[[ SUPPLIED INFORMATION open ]]
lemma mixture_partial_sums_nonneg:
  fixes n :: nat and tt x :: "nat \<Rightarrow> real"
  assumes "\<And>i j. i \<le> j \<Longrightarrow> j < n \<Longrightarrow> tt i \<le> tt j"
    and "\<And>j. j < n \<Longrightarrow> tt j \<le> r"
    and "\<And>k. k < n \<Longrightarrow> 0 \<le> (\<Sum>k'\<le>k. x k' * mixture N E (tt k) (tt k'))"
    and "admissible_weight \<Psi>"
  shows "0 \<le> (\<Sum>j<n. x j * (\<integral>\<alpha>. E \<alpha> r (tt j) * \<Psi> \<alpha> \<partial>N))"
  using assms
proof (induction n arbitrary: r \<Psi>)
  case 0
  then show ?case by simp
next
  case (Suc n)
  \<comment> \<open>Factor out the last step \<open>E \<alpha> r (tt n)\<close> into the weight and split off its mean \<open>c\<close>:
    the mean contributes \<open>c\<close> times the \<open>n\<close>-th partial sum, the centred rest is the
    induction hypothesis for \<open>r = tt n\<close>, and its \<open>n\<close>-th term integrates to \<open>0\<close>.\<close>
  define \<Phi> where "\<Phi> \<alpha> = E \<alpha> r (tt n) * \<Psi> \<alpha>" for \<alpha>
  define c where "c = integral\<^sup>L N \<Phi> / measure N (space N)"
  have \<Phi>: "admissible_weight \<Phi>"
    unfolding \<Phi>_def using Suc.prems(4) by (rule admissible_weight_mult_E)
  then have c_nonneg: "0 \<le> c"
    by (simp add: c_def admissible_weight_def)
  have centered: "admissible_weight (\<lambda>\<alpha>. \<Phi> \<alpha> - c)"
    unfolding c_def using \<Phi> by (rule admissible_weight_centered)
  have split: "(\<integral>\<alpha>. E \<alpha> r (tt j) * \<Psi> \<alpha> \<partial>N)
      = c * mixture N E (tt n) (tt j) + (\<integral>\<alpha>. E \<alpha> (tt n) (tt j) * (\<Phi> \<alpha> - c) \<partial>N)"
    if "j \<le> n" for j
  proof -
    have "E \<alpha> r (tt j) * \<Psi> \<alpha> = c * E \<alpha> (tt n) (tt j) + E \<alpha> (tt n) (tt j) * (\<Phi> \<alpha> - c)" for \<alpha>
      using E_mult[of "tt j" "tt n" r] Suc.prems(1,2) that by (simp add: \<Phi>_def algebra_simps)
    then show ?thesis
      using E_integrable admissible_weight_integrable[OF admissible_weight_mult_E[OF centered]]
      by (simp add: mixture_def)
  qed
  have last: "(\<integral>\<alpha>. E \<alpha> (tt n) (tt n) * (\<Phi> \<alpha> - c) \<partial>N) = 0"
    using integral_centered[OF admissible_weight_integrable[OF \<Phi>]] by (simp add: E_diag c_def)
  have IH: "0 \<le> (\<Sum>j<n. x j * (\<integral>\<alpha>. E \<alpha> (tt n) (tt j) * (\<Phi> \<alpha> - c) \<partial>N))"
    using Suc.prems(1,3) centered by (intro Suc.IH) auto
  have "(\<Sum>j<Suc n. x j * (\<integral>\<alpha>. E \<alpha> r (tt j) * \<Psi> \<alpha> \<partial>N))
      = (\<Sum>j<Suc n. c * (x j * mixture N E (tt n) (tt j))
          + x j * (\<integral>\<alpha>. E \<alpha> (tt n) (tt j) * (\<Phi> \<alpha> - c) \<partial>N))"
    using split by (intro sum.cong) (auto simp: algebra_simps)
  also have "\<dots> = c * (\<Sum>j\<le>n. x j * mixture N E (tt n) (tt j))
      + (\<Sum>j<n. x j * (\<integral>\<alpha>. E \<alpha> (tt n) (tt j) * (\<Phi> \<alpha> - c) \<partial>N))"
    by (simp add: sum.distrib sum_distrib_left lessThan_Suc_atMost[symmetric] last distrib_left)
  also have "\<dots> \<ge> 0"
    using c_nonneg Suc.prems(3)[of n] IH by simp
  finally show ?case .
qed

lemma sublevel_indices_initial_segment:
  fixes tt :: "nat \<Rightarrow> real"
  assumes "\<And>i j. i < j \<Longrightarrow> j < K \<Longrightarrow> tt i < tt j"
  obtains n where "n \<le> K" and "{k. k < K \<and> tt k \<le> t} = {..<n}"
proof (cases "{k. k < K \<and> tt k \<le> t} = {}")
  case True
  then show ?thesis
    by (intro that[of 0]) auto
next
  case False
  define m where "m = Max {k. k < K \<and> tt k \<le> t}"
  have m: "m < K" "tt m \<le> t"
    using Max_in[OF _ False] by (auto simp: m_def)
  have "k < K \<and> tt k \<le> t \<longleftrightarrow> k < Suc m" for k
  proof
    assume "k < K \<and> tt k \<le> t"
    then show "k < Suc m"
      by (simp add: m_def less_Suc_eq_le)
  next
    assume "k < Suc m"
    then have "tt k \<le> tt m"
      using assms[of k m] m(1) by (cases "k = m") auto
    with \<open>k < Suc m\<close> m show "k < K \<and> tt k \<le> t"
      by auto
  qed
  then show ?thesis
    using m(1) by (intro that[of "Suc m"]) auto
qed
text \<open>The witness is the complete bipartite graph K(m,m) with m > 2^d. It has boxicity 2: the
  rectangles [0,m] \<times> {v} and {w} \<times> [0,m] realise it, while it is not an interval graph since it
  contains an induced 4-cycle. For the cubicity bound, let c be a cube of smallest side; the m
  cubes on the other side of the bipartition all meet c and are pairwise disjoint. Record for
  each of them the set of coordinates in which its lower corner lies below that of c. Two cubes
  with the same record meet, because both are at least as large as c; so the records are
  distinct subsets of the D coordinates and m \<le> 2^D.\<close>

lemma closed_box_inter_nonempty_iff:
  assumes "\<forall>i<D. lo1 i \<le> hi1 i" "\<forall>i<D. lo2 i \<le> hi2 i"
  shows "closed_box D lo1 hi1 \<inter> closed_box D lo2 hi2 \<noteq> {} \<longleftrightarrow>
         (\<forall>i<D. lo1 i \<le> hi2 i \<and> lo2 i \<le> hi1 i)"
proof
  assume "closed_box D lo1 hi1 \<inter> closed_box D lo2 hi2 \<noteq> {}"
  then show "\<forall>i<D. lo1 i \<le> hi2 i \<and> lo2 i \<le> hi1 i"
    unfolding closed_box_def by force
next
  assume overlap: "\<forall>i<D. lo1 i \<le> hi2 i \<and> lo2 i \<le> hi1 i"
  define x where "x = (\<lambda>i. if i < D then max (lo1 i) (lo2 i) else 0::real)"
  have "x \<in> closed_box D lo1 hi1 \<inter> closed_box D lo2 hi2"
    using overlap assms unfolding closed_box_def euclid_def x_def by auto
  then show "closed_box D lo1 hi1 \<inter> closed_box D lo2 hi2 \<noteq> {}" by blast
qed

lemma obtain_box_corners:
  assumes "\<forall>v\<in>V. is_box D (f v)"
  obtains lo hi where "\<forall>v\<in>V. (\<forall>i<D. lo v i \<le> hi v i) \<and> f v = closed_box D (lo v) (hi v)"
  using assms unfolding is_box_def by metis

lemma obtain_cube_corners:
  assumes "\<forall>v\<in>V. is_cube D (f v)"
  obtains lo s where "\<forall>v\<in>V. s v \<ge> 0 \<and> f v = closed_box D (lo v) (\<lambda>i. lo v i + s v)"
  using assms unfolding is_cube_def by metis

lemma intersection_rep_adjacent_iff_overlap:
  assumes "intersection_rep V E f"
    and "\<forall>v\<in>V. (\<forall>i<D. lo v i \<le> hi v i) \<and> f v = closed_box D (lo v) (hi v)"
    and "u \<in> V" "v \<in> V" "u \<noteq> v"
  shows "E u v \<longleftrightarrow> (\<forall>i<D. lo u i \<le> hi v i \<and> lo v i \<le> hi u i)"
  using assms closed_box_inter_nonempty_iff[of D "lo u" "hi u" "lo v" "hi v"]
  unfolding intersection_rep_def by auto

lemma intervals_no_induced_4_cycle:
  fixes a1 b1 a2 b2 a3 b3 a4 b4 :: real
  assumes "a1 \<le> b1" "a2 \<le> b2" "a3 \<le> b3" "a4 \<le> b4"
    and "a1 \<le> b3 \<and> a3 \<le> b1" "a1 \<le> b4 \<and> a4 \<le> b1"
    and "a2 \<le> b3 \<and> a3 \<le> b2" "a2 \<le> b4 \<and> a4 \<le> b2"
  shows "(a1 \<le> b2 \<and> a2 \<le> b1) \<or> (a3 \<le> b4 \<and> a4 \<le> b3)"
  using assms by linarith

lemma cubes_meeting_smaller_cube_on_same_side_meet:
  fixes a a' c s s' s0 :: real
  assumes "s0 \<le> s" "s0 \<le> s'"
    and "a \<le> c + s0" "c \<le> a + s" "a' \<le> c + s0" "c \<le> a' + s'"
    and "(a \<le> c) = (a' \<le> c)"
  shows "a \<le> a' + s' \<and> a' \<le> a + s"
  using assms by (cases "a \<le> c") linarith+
[[ SUPPLIED INFORMATION closed ]]
--- WORK REQUIRED ---
From the records above, give again exactly the lines running from the line with "t \<longleftrightarrow> k" to the line with "contains an induced", inclusive.

--- RESULT FOR THIS EXERCISE ---
  have "k < K \<and> tt k \<le> t \<longleftrightarrow> k < Suc m" for k
  proof
    assume "k < K \<and> tt k \<le> t"
    then show "k < Suc m"
      by (simp add: m_def less_Suc_eq_le)
  next
    assume "k < Suc m"
    then have "tt k \<le> tt m"
      using assms[of k m] m(1) by (cases "k = m") auto
    with \<open>k < Suc m\<close> m show "k < K \<and> tt k \<le> t"
      by auto
  qed
  then show ?thesis
    using m(1) by (intro that[of "Suc m"]) auto
qed
text \<open>The witness is the complete bipartite graph K(m,m) with m > 2^d. It has boxicity 2: the
  rectangles [0,m] \<times> {v} and {w} \<times> [0,m] realise it, while it is not an interval graph since it
  contains an induced 4-cycle. For the cubicity bound, let c be a cube of smallest side; the m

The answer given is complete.